Future mortality: integrating smoking, alcohol and obesity

Principal researcher

Fanny Janssen

Funding

VIDI research grant from the Netherlands Organisation for Scientific Research NWO 452-13-001

Time period

Sept 2014 – August 2019

Main research team

Fanny Janssen

Anastasios Bardoutsos (postdoc)

Nikoletta Vidra (PhD)

Sergi Trias Llimós (PhD)

Summary

Information concerning future life expectancy is crucial for public policy, social security, pension and insurance schemes, and healthcare planning. However, estimates of future mortality often prove inaccurate, as conventional extrapolative mortality projection methods cannot capture (i) the impact of lifestyle ‘epidemics’, different over time between men and women, and across generations and countries; and (ii) the delay in ageing: the 90-year-olds of today roughly resemble the 80-year-olds of the past.
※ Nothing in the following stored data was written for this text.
(* Let $m\ge n$ and let $C_1,\dots,C_m\subseteq\mathbb{S}$ be nonempty s-convex sets. If $\bigcap_{j\in J}C_j\neq\emptyset$ for every $J\subseteq\{1,\dots,m\}$ with $\operatorname{card}J=n$, and $\bigcup_{j\in J}C_j\neq\mathbb{S}$ for every $J\subseteq\{1,\dots,m\}$ with $\operatorname{card}J=n+1$, then $\bigcap_{i=1}^mC_i\neq\emptyset$.
   Context: Standing setting: $n\ge 2$; $o$ denotes the zero vector of $\mathbb{R}^n$. $\Phi:\mathbb{R}^n\to\mathbb{R}_+:=[0,\infty)$ is a continuous function with $\Phi(tx)=t\Phi(x)$ for all $x\in\mathbb{R}^n$, $t\ge 0$, and $\Phi(x)=0$ iff $x=o$. Set $\mathbb{S}:=\{x\in\mathbb{R}^n\mid \Phi(x)=1\}$ and $\rho:\mathbb{R}^n\to\{o\}\cup\mathbb{S}$, $\rho(x):=x/\Phi(x)$ for $x\neq o$, $\rho(o):=o$. For $x,y\in\mathbb{S}$, $\lambda\in[0,1]$, $\lambda x+_s(1-\lambda)y:=\rho(\lambda x+(1-\lambda)y)$. A nonempty set $S\subseteq\mathbb{S}$ is called s-convex if $\lambda x+_s(1-\lambda)y\in S$ for all $x,y\in S$ and $\lambda\in[0,1]$. *)

theory Defs
  imports "HOL-Analysis.Analysis"
begin

definition gauge :: "('a::real_normed_vector \<Rightarrow> real) \<Rightarrow> bool" where
  "gauge Phi \<longleftrightarrow> continuous_on UNIV Phi \<and> (\<forall>x. Phi x \<ge> 0)
     \<and> (\<forall>x t. t \<ge> 0 \<longrightarrow> Phi (t *\<^sub>R x) = t * Phi x)
     \<and> (\<forall>x. Phi x = 0 \<longleftrightarrow> x = 0)"

definition gsphere :: "('a::real_normed_vector \<Rightarrow> real) \<Rightarrow> 'a set" where
  "gsphere Phi = {x. Phi x = 1}"

definition rho :: "('a::real_normed_vector \<Rightarrow> real) \<Rightarrow> 'a \<Rightarrow> 'a" where
  "rho Phi x = (if x = 0 then 0 else (1 / Phi x) *\<^sub>R x)"

definition scomb :: "('a::real_normed_vector \<Rightarrow> real) \<Rightarrow> real \<Rightarrow> 'a \<Rightarrow> 'a \<Rightarrow> 'a" where
  "scomb Phi l x y = rho Phi (l *\<^sub>R x + (1 - l) *\<^sub>R y)"

definition s_convex :: "('a::real_normed_vector \<Rightarrow> real) \<Rightarrow> 'a set \<Rightarrow> bool" where
  "s_convex Phi S \<longleftrightarrow> S \<noteq> {} \<and> S \<subseteq> gsphere Phi \<and>
     (\<forall>x\<in>S. \<forall>y\<in>S. \<forall>l. 0 \<le> l \<and> l \<le> 1 \<longrightarrow> scomb Phi l x y \<in> S)"

end

theory Submission
  imports Defs
begin

text \<open>The radial cone over an s-convex set C is a convex cone without apex, and the C_j have a
  common point iff their radial cones have. So it suffices to check the hypothesis of Helly's
  theorem for the cones, i.e. that any n + 1 of them meet. Suppose n + 1 blunt convex cones
  K_1, ..., K_(n+1), any n of which meet, had empty intersection, and pick x_i in all cones but K_i.
  In every nontrivial linear relation among the x_i all coefficients have the same strict sign
  (otherwise moving the negative part to the other side produces a common point of the cones, or
  0 in a cone). Hence the x_i span R^n and satisfy a positive relation; subtracting a suitable
  multiple of it writes any p \<noteq> 0 as a nonnegative combination of the x_i with some vanishing
  coefficient, the k-th say, so that p \<in> K_k. Thus the cones would cover R^n - {0}, contradicting
  the assumption that no n + 1 of the C_j cover the sphere.\<close>

lemma exists_nontrivial_linear_relation:
  fixes x :: "'i \<Rightarrow> 'a::euclidean_space"
  assumes "finite J" "card J > DIM('a)"
  shows "\<exists>c. (\<exists>i\<in>J. c i \<noteq> 0) \<and> (\<Sum>i\<in>J. c i *\<^sub>R x i) = 0"
proof (cases "inj_on x J")
  case False
  then obtain i j where ij: "i \<in> J" "j \<in> J" "i \<noteq> j" "x i = x j" by (auto simp: inj_on_def)
  define c where "c = (\<lambda>l. if l = i then 1 else if l = j then -1 else (0::real))"
  have "(\<Sum>l\<in>J. c l *\<^sub>R x l) = (\<Sum>l\<in>{i,j}. c l *\<^sub>R x l)"
    by (rule sum.mono_neutral_right) (use ij assms(1) in \<open>auto simp: c_def\<close>)
  also have "\<dots> = 0" using ij by (simp add: c_def)
  finally show ?thesis using ij by (intro exI[of _ c]) (auto simp: c_def)
next
  case True
  then have "card (x ` J) > DIM('a)" using assms(2) by (simp add: card_image)
  then have "dependent (x ` J)" using independent_bound[of "x ` J"] by linarith
  then obtain u where u: "\<exists>v\<in>x ` J. u v \<noteq> 0" "(\<Sum>v\<in>x ` J. u v *\<^sub>R v) = 0"
    unfolding real_vector.dependent_finite[OF finite_imageI[OF assms(1)]] by blast
  have "(\<Sum>i\<in>J. u (x i) *\<^sub>R x i) = 0" using u(2) True by (simp add: sum.reindex)
  then show ?thesis using u(1) by (intro exI[of _ "u \<circ> x"]) auto
qed

lemma linear_combination_avoiding_index:
  fixes x :: "'i \<Rightarrow> 'a::euclidean_space"
  assumes fin: "finite J" and card: "card J > DIM('a)" and k: "k \<in> J"
    and trivial: "\<And>c. (\<Sum>i\<in>J. c i *\<^sub>R x i) = 0 \<Longrightarrow> c k = 0 \<Longrightarrow> \<forall>i\<in>J. c i = 0"
  shows "\<exists>d. d k = 0 \<and> (\<Sum>i\<in>J. d i *\<^sub>R x i) = p"
proof -
  define y where "y = x(k := p)"
  obtain c where c: "\<exists>i\<in>J. c i \<noteq> 0" "(\<Sum>i\<in>J. c i *\<^sub>R y i) = 0"
    using exists_nontrivial_linear_relation[OF fin card] by blast
  have split: "(\<Sum>i\<in>J. c i *\<^sub>R y i) = c k *\<^sub>R p + (\<Sum>i\<in>J-{k}. c i *\<^sub>R x i)"
    by (simp add: sum.remove[OF fin k] y_def)
  have ck: "c k \<noteq> 0"
  proof
    assume ck: "c k = 0"
    have "(\<Sum>i\<in>J. c i *\<^sub>R x i) = (\<Sum>i\<in>J. c i *\<^sub>R y i)" by (rule sum.cong) (auto simp: y_def ck)
    then show False using trivial[of c] c ck by auto
  qed
  define d where "d i = (if i = k then 0 else - c i / c k)" for i
  have "(\<Sum>i\<in>J. d i *\<^sub>R x i) = (\<Sum>i\<in>J-{k}. (- 1 / c k) *\<^sub>R (c i *\<^sub>R x i))"
    by (simp add: sum.remove[OF fin k] d_def)
  also have "\<dots> = (- 1 / c k) *\<^sub>R (\<Sum>i\<in>J-{k}. c i *\<^sub>R x i)"
    by (simp add: scaleR_sum_right)
  also have "\<dots> = (- 1 / c k) *\<^sub>R (- (c k *\<^sub>R p))"
    using split c(2) by (metis add.commute add_eq_0_iff)
  also have "\<dots> = p" using ck by simp
  finally have "(\<Sum>i\<in>J. d i *\<^sub>R x i) = p" .
  moreover have "d k = 0" by (simp add: d_def)
  ultimately show ?thesis by blast
qed

text \<open>Subtract the largest multiple of the positive relation that keeps all coefficients nonnegative.\<close>

lemma nonneg_combination_with_zero_coeff:
  fixes x :: "'i \<Rightarrow> 'a::real_vector"
  assumes fin: "finite J" and ne: "J \<noteq> {}" and a: "\<forall>i\<in>J. a i > 0" "(\<Sum>i\<in>J. a i *\<^sub>R x i) = 0"
  shows "\<exists>e k. k \<in> J \<and> e k = 0 \<and> (\<forall>i\<in>J. e i \<ge> 0) \<and> (\<Sum>i\<in>J. e i *\<^sub>R x i) = (\<Sum>i\<in>J. d i *\<^sub>R x i)"
proof -
  define s where "s = Min ((\<lambda>i. d i / a i) ` J)"
  have "s \<in> (\<lambda>i. d i / a i) ` J" unfolding s_def by (rule Min_in) (use fin ne in auto)
  then obtain k where k: "k \<in> J" "d k / a k = s" by auto
  have "s \<le> d i / a i" if "i \<in> J" for i
    unfolding s_def using fin that by simp
  then have "\<forall>i\<in>J. d i - s * a i \<ge> 0" using a(1) by (auto simp: pos_le_divide_eq)
  moreover have "d k - s * a k = 0" using k a(1) by (auto simp: field_simps)
  moreover have "(\<Sum>i\<in>J. (d i - s * a i) *\<^sub>R x i) = (\<Sum>i\<in>J. d i *\<^sub>R x i) - s *\<^sub>R (\<Sum>i\<in>J. a i *\<^sub>R x i)"
    by (simp add: scaleR_diff_left sum_subtractf scaleR_sum_right)
  ultimately show ?thesis using k(1) a(2) by (intro exI[of _ "\<lambda>i. d i - s * a i"] exI[of _ k]) simp
qed

definition blunt_convex_cone :: "'a::real_vector set \<Rightarrow> bool" where
  "blunt_convex_cone K \<longleftrightarrow> 0 \<notin> K \<and> (\<forall>a\<in>K. \<forall>b\<in>K. a + b \<in> K) \<and> (\<forall>a\<in>K. \<forall>t>0. t *\<^sub>R a \<in> K)"

lemma blunt_convex_coneD:
  assumes "blunt_convex_cone K"
  shows "0 \<notin> K" "a \<in> K \<Longrightarrow> b \<in> K \<Longrightarrow> a + b \<in> K" "a \<in> K \<Longrightarrow> t > 0 \<Longrightarrow> t *\<^sub>R a \<in> K"
  using assms by (auto simp: blunt_convex_cone_def)

lemma convex_blunt_convex_cone:
  assumes "blunt_convex_cone K"
  shows "convex K"
  unfolding convex_def
proof (intro ballI allI impI)
  fix a b and u v :: real
  assume ab: "a \<in> K" "b \<in> K" and uv: "0 \<le> u" "0 \<le> v" "u + v = 1"
  show "u *\<^sub>R a + v *\<^sub>R b \<in> K"
  proof (cases "u = 0 \<or> v = 0")
    case True
    then show ?thesis using uv ab by auto
  next
    case False
    then show ?thesis using uv ab blunt_convex_coneD[OF assms] by simp
  qed
qed

lemma blunt_convex_cone_sum:
  fixes y :: "'i \<Rightarrow> 'a::real_vector"
  assumes K: "blunt_convex_cone K" and "finite I" "\<forall>i\<in>I. c i \<ge> 0"
    and "\<forall>i\<in>I. c i > 0 \<longrightarrow> y i \<in> K" "\<exists>i\<in>I. c i > 0"
  shows "(\<Sum>i\<in>I. c i *\<^sub>R y i) \<in> K"
  using assms(2-)
proof (induction I rule: finite_induct)
  case empty
  then show ?case by simp
next
  case (insert a I)
  have head: "c a *\<^sub>R y a \<in> K" if "c a > 0"
    using that insert.prems blunt_convex_coneD(3)[OF K] by simp
  show ?case
  proof (cases "\<exists>i\<in>I. c i > 0")
    case True
    then have "(\<Sum>i\<in>I. c i *\<^sub>R y i) \<in> K" using insert by auto
    moreover have "c a = 0" if "\<not> c a > 0" using that insert.prems by force
    ultimately show ?thesis using head insert(1,2) blunt_convex_coneD(2)[OF K] by (cases "c a > 0") auto
  next
    case False
    then have "(\<Sum>i\<in>I. c i *\<^sub>R y i) = 0" using insert.prems by (intro sum.neutral) force
    moreover have "c a > 0" using False insert.prems by auto
    ultimately show ?thesis using head insert(1,2) by simp
  qed
qed

context
  fixes K :: "'j \<Rightarrow> 'a::euclidean_space set" and J :: "'j set" and x :: "'j \<Rightarrow> 'a"
  assumes cones: "\<And>j. j \<in> J \<Longrightarrow> blunt_convex_cone (K j)"
    and fin: "finite J"
    and x_mem: "\<And>i j. i \<in> J \<Longrightarrow> j \<in> J \<Longrightarrow> i \<noteq> j \<Longrightarrow> x i \<in> K j"
    and no_common: "\<nexists>z. \<forall>j\<in>J. z \<in> K j"
begin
Key to mortality forecasting is distinguishing between:

(i)           the general gradual long-term mortality decline, mainly due to socio-economic factors and associated medical improvements, and accompanied by a delay in ageing expressed as a shift in the age-at-death distribution towards older ages

(ii)           The smoking, alcohol, and obesity ‘epidemics’ which cause deviations from and variations in the general mortality decline, and greatly affect premature mortality and the shape of the age-at-death distribution.

Within this project these two components will be included simultaneously in a novel mortality projection methodology with the overall aim to improve the robustness of future mortality estimates for Europe.

Key objectives are:

1)         To assess the past and anticipated future trends in smoking-, alcohol-, and obesity-attributable mortality; and the differences in these trends across countries, sexes, and birth cohorts.

2)         To assess the roles of both the delay in ageing and changes in the shape of the age-at-death distribution in the gradual long-term mortality trend, and the changes in these roles over time.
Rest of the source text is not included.